- Opening Delimiter -

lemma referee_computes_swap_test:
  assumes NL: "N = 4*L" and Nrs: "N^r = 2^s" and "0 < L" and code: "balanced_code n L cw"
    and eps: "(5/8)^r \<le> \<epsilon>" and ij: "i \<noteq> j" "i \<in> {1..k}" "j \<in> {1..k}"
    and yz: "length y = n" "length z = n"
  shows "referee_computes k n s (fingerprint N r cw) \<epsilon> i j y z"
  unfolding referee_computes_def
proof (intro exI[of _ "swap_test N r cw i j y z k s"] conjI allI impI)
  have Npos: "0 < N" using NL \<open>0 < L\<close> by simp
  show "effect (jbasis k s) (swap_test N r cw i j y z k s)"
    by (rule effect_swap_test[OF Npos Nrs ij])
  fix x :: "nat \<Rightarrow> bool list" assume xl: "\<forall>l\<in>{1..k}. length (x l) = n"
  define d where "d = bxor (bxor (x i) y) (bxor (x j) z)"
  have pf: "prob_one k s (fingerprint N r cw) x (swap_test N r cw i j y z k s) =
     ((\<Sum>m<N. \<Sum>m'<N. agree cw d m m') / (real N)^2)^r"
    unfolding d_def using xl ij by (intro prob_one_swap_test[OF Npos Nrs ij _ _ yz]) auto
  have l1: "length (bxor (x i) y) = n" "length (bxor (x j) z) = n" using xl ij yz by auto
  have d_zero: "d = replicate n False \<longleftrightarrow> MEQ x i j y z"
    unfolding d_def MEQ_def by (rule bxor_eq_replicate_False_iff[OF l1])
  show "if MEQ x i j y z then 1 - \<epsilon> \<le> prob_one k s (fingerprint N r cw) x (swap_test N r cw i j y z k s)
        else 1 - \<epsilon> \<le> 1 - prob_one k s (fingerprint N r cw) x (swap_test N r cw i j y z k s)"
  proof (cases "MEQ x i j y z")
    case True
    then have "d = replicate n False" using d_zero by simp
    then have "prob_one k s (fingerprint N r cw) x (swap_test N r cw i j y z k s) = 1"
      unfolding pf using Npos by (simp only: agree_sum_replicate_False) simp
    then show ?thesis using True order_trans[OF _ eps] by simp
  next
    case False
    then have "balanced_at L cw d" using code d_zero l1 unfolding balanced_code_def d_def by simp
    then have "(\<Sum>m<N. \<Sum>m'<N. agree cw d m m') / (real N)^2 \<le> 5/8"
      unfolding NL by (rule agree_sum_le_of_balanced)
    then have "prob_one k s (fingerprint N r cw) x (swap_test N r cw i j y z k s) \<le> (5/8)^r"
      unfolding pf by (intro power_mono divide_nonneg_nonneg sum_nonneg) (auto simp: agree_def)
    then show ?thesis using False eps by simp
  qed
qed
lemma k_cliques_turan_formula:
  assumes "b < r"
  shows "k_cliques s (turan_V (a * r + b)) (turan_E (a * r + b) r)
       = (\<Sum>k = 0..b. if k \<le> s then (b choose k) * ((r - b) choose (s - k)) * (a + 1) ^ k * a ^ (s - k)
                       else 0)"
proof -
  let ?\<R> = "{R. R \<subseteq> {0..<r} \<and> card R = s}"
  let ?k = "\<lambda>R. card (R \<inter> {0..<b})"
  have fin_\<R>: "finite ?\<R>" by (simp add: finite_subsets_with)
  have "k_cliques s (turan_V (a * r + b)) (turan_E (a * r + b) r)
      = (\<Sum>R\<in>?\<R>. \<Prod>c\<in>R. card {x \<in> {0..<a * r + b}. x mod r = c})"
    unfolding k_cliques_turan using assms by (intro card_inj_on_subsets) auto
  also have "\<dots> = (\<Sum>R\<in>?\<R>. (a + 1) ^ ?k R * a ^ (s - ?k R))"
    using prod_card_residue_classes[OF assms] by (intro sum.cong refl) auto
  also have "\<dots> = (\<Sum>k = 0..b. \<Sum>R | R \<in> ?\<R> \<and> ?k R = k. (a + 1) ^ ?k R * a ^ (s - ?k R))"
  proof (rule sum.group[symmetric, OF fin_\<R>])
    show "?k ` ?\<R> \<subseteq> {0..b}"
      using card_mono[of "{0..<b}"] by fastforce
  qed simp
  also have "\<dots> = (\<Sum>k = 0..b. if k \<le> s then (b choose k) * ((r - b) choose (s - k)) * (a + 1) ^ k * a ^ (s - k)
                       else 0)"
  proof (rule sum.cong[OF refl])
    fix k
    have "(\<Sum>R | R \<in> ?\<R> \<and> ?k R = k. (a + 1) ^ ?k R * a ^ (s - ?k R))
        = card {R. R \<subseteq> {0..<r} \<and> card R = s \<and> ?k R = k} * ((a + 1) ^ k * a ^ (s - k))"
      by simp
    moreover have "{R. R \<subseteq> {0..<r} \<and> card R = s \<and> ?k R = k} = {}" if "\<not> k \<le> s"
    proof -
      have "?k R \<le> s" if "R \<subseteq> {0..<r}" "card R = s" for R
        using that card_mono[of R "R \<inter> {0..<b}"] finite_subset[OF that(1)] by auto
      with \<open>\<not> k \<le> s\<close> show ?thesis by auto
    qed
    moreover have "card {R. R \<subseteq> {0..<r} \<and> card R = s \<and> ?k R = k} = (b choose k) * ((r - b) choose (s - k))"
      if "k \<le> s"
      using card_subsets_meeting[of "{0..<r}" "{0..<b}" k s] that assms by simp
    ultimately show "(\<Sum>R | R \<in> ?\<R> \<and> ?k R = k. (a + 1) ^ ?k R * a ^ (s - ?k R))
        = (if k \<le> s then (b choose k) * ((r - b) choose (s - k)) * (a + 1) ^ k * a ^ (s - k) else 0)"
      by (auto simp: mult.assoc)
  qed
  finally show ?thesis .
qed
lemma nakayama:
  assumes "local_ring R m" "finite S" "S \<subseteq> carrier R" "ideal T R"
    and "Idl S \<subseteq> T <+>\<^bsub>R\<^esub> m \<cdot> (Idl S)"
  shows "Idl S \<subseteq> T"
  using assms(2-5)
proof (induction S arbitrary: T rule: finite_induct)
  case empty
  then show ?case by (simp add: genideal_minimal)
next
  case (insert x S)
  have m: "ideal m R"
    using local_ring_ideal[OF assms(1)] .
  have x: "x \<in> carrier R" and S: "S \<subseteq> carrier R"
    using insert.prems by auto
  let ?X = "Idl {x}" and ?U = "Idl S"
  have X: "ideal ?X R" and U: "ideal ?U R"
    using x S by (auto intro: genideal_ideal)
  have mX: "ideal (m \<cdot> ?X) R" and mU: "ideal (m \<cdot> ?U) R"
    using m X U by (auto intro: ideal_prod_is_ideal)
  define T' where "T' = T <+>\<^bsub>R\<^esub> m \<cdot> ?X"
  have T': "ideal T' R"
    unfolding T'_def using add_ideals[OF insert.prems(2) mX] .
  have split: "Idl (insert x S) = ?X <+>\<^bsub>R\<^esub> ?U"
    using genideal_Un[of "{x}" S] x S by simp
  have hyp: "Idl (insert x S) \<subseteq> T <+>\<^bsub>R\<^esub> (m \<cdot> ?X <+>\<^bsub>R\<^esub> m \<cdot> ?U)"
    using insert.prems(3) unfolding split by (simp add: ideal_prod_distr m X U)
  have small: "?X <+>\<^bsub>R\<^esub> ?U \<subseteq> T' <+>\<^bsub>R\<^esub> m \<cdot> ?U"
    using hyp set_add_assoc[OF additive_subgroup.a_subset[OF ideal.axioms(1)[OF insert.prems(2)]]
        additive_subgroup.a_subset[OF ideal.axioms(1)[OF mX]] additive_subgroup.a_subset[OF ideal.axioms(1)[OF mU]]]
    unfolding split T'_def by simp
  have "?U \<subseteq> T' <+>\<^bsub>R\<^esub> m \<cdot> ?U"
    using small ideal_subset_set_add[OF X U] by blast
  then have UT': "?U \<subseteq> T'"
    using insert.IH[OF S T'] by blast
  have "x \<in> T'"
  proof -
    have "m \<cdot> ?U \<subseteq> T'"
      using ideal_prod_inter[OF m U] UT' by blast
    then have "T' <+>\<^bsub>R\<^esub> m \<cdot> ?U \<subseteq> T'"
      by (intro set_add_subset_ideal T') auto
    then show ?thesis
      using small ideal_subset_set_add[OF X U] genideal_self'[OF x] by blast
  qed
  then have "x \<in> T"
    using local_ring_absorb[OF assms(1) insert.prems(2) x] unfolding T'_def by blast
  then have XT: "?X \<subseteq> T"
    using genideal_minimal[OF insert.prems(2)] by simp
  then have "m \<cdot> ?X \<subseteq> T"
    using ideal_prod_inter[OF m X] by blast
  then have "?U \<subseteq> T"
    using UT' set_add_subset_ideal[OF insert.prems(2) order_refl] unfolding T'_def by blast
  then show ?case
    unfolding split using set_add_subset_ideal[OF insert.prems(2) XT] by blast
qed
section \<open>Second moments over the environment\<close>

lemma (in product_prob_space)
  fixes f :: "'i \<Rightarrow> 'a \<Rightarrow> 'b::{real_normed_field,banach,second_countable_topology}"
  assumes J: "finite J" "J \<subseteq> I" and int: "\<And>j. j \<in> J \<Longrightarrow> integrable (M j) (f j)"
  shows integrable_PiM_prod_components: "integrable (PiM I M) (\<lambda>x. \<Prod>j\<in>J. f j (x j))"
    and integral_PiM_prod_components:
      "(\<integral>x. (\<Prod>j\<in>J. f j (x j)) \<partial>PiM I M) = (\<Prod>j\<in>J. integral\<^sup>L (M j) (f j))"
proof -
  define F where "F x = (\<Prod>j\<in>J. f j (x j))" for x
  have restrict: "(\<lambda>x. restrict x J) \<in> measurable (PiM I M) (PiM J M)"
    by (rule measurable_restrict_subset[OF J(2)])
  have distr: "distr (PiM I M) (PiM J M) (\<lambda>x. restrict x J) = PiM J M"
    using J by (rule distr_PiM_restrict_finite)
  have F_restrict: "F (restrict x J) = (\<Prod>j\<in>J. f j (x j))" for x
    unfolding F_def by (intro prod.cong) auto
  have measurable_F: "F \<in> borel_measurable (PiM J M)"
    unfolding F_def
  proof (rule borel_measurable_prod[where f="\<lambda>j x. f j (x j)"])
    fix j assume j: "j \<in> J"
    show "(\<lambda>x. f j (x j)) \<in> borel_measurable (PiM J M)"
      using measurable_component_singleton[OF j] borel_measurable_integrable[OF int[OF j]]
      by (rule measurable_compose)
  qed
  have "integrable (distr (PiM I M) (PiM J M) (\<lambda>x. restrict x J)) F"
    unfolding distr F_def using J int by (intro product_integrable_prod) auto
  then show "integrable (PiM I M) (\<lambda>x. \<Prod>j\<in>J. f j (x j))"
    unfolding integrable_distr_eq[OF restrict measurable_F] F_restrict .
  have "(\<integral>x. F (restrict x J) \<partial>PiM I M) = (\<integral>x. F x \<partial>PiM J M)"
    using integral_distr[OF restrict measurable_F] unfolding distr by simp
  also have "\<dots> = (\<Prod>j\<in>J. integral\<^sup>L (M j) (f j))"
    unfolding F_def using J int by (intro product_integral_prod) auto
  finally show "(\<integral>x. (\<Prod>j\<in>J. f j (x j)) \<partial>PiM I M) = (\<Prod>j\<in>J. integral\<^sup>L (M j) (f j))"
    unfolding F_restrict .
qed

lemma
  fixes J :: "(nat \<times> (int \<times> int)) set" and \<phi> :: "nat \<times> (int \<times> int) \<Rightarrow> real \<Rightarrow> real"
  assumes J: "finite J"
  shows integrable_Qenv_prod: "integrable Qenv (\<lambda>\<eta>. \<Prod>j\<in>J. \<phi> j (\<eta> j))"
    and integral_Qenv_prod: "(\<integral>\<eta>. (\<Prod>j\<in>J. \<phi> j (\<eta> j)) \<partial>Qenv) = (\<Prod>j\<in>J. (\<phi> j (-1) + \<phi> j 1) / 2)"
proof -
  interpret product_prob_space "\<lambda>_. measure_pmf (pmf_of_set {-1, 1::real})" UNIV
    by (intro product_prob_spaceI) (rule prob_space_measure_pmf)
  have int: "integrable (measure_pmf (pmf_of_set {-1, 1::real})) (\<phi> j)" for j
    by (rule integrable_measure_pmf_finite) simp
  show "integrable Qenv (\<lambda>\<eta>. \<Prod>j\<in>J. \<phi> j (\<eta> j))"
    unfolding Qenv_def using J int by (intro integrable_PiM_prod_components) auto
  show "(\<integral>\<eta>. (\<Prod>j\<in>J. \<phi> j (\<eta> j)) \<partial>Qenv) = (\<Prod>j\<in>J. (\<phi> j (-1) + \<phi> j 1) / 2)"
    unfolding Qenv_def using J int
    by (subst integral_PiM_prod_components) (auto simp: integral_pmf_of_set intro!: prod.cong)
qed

- Closing Delimiter -

▸ Activity
Using the entries above, output exactly the lines between the line holding "(jbasis k s)" and the line holding "d_zero by simp", end lines included, and nothing more.

▸ Output for this task
  show "effect (jbasis k s) (swap_test N r cw i j y z k s)"
    by (rule effect_swap_test[OF Npos Nrs ij])
  fix x :: "nat \<Rightarrow> bool list" assume xl: "\<forall>l\<in>{1..k}. length (x l) = n"
  define d where "d = bxor (bxor (x i) y) (bxor (x j) z)"
  have pf: "prob_one k s (fingerprint N r cw) x (swap_test N r cw i j y z k s) =
     ((\<Sum>m<N. \<Sum>m'<N. agree cw d m m') / (real N)^2)^r"
    unfolding d_def using xl ij by (intro prob_one_swap_test[OF Npos Nrs ij _ _ yz]) auto
  have l1: "length (bxor (x i) y) = n" "length (bxor (x j) z) = n" using xl ij yz by auto
  have d_zero: "d = replicate n False \<longleftrightarrow> MEQ x i j y z"
    unfolding d_def MEQ_def by (rule bxor_eq_replicate_False_iff[OF l1])
  show "if MEQ x i j y z then 1 - \<epsilon> \<le> prob_one k s (fingerprint N r cw) x (swap_test N r cw i j y z k s)
        else 1 - \<epsilon> \<le> 1 - prob_one k s (fingerprint N r cw) x (swap_test N r cw i j y z k s)"
  proof (cases "MEQ x i j y z")
    case True
    then have "d = replicate n False" using d_zero by simp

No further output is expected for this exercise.